Work item - Starting at the first line of the entries below, output every line exactly, up to and including the line with "unfolding proj_cong_def dims by blast".

Records to process -
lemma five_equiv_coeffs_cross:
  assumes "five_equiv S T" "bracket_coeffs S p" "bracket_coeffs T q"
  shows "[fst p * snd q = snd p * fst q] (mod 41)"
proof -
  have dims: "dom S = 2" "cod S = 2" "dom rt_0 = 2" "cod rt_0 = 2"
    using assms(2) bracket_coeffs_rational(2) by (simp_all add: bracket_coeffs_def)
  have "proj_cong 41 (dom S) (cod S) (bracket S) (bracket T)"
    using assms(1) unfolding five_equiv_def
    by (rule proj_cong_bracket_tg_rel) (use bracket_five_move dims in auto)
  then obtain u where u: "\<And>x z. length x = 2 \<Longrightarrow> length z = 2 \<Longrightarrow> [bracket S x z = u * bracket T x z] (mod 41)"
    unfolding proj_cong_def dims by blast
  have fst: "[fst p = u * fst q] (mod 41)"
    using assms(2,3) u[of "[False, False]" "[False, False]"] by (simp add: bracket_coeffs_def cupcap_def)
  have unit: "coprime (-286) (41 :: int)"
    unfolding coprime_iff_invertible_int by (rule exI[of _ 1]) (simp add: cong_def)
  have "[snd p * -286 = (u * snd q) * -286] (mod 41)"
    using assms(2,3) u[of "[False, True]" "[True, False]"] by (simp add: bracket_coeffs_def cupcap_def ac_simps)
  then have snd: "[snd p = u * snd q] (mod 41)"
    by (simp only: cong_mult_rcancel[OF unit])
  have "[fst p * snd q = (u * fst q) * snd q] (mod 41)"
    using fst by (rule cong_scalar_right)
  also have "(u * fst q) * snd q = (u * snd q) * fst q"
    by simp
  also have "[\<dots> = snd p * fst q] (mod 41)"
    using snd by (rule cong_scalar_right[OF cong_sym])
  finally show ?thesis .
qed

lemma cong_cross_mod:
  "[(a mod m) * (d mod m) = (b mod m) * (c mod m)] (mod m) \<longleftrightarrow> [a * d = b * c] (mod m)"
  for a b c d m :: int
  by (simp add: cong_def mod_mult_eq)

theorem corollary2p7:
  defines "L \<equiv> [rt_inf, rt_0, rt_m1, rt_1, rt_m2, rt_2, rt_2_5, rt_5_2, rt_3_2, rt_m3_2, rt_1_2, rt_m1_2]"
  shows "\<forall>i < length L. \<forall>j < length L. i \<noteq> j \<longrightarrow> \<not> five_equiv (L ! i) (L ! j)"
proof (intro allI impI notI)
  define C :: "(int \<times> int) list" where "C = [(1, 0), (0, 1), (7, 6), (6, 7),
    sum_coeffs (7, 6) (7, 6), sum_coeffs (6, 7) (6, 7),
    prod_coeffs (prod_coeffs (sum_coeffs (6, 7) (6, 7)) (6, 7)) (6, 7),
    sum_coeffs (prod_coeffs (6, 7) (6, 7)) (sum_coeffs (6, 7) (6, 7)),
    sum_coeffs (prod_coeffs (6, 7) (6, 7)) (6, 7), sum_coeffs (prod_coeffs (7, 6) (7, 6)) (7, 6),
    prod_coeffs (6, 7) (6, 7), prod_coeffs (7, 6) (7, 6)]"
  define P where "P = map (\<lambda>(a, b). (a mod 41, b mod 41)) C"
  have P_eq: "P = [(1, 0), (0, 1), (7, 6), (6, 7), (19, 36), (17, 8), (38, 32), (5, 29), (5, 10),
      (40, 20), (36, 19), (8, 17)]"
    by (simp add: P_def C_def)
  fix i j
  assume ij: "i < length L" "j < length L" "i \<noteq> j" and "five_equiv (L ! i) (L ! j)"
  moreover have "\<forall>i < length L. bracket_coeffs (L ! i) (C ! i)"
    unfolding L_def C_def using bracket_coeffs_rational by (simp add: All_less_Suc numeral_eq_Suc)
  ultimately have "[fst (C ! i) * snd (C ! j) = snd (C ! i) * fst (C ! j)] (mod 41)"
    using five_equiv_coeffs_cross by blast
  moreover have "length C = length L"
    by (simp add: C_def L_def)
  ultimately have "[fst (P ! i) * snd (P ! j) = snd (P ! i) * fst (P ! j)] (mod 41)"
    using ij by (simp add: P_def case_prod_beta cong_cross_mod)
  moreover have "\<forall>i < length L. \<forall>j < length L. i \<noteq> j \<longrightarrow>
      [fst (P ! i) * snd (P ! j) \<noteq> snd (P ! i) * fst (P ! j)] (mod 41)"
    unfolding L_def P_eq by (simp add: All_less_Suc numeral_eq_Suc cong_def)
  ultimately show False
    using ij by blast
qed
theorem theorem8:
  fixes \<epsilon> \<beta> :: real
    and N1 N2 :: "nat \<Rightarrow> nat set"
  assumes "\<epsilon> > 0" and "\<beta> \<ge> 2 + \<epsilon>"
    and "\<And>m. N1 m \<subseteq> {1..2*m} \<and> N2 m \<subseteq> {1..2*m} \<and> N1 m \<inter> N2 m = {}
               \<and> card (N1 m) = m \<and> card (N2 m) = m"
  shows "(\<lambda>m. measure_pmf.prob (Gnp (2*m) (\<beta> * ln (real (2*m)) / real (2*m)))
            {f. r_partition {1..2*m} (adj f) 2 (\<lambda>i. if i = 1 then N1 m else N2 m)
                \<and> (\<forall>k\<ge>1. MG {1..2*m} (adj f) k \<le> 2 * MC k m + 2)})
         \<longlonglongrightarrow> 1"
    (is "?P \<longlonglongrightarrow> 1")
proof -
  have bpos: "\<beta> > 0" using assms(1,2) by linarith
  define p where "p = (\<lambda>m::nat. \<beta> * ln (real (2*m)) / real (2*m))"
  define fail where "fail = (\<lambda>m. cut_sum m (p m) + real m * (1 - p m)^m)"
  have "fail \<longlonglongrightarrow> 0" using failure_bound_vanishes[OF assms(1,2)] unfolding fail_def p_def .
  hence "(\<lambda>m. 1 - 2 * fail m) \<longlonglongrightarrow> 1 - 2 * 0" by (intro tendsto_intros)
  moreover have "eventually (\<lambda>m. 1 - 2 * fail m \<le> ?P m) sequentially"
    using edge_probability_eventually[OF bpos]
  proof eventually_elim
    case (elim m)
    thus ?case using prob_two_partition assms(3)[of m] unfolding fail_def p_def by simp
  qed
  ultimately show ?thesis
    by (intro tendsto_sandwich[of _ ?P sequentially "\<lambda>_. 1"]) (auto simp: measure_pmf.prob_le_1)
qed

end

Exercise answer -
lemma five_equiv_coeffs_cross:
  assumes "five_equiv S T" "bracket_coeffs S p" "bracket_coeffs T q"
  shows "[fst p * snd q = snd p * fst q] (mod 41)"
proof -
  have dims: "dom S = 2" "cod S = 2" "dom rt_0 = 2" "cod rt_0 = 2"
    using assms(2) bracket_coeffs_rational(2) by (simp_all add: bracket_coeffs_def)
  have "proj_cong 41 (dom S) (cod S) (bracket S) (bracket T)"
    using assms(1) unfolding five_equiv_def
    by (rule proj_cong_bracket_tg_rel) (use bracket_five_move dims in auto)
  then obtain u where u: "\<And>x z. length x = 2 \<Longrightarrow> length z = 2 \<Longrightarrow> [bracket S x z = u * bracket T x z] (mod 41)"
    unfolding proj_cong_def dims by blast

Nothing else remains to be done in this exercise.